======== DATASET RECORDS
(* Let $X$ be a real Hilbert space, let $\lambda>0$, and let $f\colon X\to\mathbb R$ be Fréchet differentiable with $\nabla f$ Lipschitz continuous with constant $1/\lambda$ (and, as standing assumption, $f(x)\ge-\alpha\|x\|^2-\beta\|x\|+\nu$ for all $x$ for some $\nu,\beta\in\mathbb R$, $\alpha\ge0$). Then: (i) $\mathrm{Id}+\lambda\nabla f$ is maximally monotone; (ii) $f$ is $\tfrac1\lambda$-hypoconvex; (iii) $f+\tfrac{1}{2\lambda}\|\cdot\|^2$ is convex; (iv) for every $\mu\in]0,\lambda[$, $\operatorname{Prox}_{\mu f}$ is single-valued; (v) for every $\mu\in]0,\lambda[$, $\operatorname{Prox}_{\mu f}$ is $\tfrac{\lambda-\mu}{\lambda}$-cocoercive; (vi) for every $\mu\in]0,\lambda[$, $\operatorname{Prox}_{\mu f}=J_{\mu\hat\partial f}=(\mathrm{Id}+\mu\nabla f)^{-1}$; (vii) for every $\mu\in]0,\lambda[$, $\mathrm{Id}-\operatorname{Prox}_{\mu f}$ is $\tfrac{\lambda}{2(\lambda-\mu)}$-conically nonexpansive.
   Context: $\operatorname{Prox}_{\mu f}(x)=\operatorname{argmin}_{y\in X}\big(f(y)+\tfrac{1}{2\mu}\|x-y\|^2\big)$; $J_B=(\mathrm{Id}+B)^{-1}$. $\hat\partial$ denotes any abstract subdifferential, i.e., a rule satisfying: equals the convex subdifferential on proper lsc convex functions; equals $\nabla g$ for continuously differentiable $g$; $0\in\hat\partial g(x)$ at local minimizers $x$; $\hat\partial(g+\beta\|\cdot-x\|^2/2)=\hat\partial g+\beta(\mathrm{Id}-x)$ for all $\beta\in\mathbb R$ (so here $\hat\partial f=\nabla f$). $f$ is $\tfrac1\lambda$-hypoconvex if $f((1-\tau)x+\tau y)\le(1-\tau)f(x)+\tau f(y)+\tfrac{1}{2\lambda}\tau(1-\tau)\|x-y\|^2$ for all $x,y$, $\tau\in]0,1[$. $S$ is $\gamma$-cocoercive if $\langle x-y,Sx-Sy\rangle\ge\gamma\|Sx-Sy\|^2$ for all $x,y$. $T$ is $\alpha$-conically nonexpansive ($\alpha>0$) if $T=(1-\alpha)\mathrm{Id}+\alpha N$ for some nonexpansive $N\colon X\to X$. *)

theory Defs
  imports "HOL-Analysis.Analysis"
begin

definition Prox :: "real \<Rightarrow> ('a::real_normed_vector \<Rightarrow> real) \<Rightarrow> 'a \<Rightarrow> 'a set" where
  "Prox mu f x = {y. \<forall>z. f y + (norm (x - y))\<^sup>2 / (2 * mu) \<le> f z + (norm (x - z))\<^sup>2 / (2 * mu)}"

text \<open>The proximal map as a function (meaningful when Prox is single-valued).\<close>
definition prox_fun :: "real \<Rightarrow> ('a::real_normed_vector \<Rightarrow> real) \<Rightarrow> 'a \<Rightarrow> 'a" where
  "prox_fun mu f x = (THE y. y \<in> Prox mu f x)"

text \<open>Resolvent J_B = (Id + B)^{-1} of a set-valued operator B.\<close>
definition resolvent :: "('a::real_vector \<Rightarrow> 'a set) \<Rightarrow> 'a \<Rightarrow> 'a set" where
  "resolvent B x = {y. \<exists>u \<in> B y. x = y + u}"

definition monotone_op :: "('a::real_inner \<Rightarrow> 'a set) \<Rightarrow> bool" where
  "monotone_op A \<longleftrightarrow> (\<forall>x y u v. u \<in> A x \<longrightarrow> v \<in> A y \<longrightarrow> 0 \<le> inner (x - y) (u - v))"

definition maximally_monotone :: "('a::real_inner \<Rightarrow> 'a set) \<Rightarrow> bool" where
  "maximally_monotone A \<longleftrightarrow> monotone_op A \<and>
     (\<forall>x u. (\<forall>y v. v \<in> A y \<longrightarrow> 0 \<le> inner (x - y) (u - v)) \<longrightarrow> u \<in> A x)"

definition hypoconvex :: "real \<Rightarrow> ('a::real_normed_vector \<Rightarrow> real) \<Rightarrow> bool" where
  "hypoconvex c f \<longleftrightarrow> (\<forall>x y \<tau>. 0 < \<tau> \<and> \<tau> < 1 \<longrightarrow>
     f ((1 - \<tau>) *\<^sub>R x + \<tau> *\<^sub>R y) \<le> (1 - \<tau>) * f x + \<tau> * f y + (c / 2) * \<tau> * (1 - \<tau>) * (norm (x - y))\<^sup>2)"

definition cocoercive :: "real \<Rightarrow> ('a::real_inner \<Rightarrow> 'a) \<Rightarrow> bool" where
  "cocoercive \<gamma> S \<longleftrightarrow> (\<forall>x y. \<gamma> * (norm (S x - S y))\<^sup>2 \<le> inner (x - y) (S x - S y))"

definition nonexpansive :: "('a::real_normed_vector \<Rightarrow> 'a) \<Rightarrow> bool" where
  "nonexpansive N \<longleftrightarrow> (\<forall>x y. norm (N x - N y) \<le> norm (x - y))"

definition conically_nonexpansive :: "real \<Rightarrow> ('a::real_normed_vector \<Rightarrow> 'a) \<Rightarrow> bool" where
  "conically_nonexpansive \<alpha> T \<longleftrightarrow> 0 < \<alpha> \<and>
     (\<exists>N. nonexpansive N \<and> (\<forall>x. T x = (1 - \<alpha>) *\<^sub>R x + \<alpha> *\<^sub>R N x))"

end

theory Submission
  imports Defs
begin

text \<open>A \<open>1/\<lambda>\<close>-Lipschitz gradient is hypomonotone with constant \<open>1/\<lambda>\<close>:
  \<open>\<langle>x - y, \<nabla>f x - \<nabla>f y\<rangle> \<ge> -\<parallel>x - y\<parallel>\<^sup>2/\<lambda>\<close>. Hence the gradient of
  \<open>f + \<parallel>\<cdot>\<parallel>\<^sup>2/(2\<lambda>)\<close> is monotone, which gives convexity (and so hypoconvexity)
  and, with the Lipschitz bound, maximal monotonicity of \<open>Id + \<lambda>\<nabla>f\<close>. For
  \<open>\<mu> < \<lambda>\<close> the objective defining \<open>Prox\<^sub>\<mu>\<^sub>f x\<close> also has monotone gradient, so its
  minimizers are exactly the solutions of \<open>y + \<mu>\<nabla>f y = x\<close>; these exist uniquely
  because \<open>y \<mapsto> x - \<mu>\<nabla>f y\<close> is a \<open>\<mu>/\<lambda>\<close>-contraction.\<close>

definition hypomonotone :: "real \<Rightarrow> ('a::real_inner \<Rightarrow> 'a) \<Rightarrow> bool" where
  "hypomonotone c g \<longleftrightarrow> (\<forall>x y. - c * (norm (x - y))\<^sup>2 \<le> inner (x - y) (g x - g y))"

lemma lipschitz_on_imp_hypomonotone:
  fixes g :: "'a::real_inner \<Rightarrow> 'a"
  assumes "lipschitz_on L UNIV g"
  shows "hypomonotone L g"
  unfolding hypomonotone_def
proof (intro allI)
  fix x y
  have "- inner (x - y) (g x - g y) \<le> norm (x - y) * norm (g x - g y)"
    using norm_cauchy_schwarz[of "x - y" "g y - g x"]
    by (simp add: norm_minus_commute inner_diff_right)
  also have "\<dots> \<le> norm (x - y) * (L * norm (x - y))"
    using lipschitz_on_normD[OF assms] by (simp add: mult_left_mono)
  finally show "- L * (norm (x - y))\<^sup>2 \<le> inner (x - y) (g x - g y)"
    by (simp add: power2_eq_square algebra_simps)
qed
================
======== DATASET RECORDS
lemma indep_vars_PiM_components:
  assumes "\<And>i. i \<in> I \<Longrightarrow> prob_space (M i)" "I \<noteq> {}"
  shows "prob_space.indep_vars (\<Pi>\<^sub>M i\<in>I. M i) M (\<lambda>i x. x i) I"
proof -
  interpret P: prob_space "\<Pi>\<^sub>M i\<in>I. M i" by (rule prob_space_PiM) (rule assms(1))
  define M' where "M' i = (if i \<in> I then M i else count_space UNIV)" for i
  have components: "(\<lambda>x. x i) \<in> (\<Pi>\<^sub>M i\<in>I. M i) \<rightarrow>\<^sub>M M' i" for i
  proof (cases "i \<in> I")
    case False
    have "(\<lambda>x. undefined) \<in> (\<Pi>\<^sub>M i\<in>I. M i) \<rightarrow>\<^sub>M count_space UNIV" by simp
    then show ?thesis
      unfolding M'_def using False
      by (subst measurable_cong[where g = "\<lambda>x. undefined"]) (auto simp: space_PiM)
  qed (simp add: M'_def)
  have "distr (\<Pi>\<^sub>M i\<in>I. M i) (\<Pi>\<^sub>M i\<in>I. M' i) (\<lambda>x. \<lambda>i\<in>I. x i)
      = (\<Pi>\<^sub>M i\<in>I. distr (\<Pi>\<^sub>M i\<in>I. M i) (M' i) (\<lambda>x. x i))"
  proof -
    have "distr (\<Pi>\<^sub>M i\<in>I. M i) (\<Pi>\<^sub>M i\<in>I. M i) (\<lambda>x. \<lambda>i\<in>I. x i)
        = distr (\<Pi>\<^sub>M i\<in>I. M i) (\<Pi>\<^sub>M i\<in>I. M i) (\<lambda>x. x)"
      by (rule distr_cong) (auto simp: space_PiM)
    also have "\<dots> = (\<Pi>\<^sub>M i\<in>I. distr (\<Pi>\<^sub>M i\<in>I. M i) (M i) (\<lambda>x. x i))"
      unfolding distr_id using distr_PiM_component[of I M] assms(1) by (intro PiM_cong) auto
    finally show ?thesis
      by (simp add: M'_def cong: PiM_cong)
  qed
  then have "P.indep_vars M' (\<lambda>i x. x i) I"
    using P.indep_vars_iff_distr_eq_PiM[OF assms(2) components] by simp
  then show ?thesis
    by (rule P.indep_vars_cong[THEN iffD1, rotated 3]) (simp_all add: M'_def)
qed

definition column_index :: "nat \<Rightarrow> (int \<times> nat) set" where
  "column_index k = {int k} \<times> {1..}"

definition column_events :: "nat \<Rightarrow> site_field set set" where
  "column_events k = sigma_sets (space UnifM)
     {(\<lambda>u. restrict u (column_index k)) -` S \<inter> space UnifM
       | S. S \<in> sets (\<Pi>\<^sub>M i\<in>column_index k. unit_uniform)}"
================
▶ _PROBLEM REQUIREMENTS_: Your answer should consist solely of the lines above from the line with "M' i) (\<lambda>x. \<lambda>i\<in>I. x i)" to the line with "M i) (\<lambda>x. \<lambda>i\<in>I. x i)", both included, reproduced exactly.

▶ _THE ANSWER_:
  have "distr (\<Pi>\<^sub>M i\<in>I. M i) (\<Pi>\<^sub>M i\<in>I. M' i) (\<lambda>x. \<lambda>i\<in>I. x i)
      = (\<Pi>\<^sub>M i\<in>I. distr (\<Pi>\<^sub>M i\<in>I. M i) (M' i) (\<lambda>x. x i))"
  proof -
    have "distr (\<Pi>\<^sub>M i\<in>I. M i) (\<Pi>\<^sub>M i\<in>I. M i) (\<lambda>x. \<lambda>i\<in>I. x i)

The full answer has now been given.